I actually write about food and eating quite a bit - should suggest an article on this subject, really. At the moment I'm wrestling with the whole issue of food labelling and what's called 'fresh'.. you don't want to know...

Moomin · 12/05/2003 20:02

You're right about the peer pressure these days. I work in a secondary school and I have witnessed a pupil bringing in a flask of soup and being called a "tramp" by other kids . It makes me really angry.
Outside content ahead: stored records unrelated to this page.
definition infinite_dimensional :: "'a::real_vector itself \<Rightarrow> bool" where
  "infinite_dimensional (_::'a itself) \<longleftrightarrow> \<not> (\<exists>B::'a set. finite B \<and> span B = UNIV)"

definition disj_nonzero :: "nat \<Rightarrow> (nat \<Rightarrow> 'a::banach_lattice) \<Rightarrow> bool" where
  "disj_nonzero n x \<longleftrightarrow> (\<forall>i<n. x i \<noteq> 0) \<and>
     (\<forall>i<n. \<forall>j<n. i \<noteq> j \<longrightarrow> lat_disjoint (x i) (x j))"

definition s_comb :: "ereal \<Rightarrow> nat \<Rightarrow> (nat \<Rightarrow> real) \<Rightarrow> real" where
  "s_comb s n t = (if s = \<infinity> then Max (insert 0 (t ` {..<n}))
     else (\<Sum>i<n. t i powr real_of_ereal s) powr (1 / real_of_ereal s))"

definition rel_decomp_const ::
  "'a::banach_lattice itself \<Rightarrow> 'b::banach_lattice itself \<Rightarrow> ereal \<Rightarrow> real \<Rightarrow> bool" where
  "rel_decomp_const (_::'a itself) (_::'b itself) s D \<longleftrightarrow>
     (\<forall>n. \<forall>(x::nat \<Rightarrow> 'a) (y::nat \<Rightarrow> 'b). disj_nonzero n x \<longrightarrow> disj_nonzero n y \<longrightarrow>
        norm (\<Sum>i<n. y i) \<le> D * s_comb s n (\<lambda>i. norm (y i) / norm (x i)) * norm (\<Sum>i<n. x i))"

definition rel_s_decomposable ::
  "'a::banach_lattice itself \<Rightarrow> 'b::banach_lattice itself \<Rightarrow> ereal \<Rightarrow> bool" where
  "rel_s_decomposable TA TB s \<longleftrightarrow> (\<exists>D. rel_decomp_const TA TB s D)"

definition D_s ::
  "'a::banach_lattice itself \<Rightarrow> 'b::banach_lattice itself \<Rightarrow> ereal \<Rightarrow> real" where
  "D_s TA TB s = Inf {D. rel_decomp_const TA TB s D}"

definition frakB :: "'a::banach_lattice itself \<Rightarrow> nat \<Rightarrow> (nat \<Rightarrow> 'a) set" where
  "frakB (_::'a itself) n = {x. (\<forall>i<n. norm (x i) = 1) \<and>
     (\<forall>i<n. \<forall>j<n. i \<noteq> j \<longrightarrow> lat_disjoint (x i) (x j))}"

definition XU_n :: "'a::banach_lattice itself \<Rightarrow> nat \<Rightarrow> (nat \<Rightarrow> real) \<Rightarrow> real" where
  "XU_n TA n a = (SUP x\<in>frakB TA n. norm (\<Sum>i<n. a i *\<^sub>R x i))"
When I'm in the canteen and I see what often passes as a packed lunch, I could cry: processed stringy cheese, plastic-looking ham, salty crisps, etc, etc. I work in a city school in an area you wouldn't exactly call "poor" but neither is it well off. Most of the parents work but the culture is very aquisitive: all the parents drive 4-wheel drive cars; their kids wear the "right" brands; all but one of my year 10 class have a tv in their bedrooms. Most of what is bought is done so on "tick". I hope I'm not sounding judgemental - I think much of the lifestyle of what the kids I teach revolves around is generated by the media - hence the poor eating habits.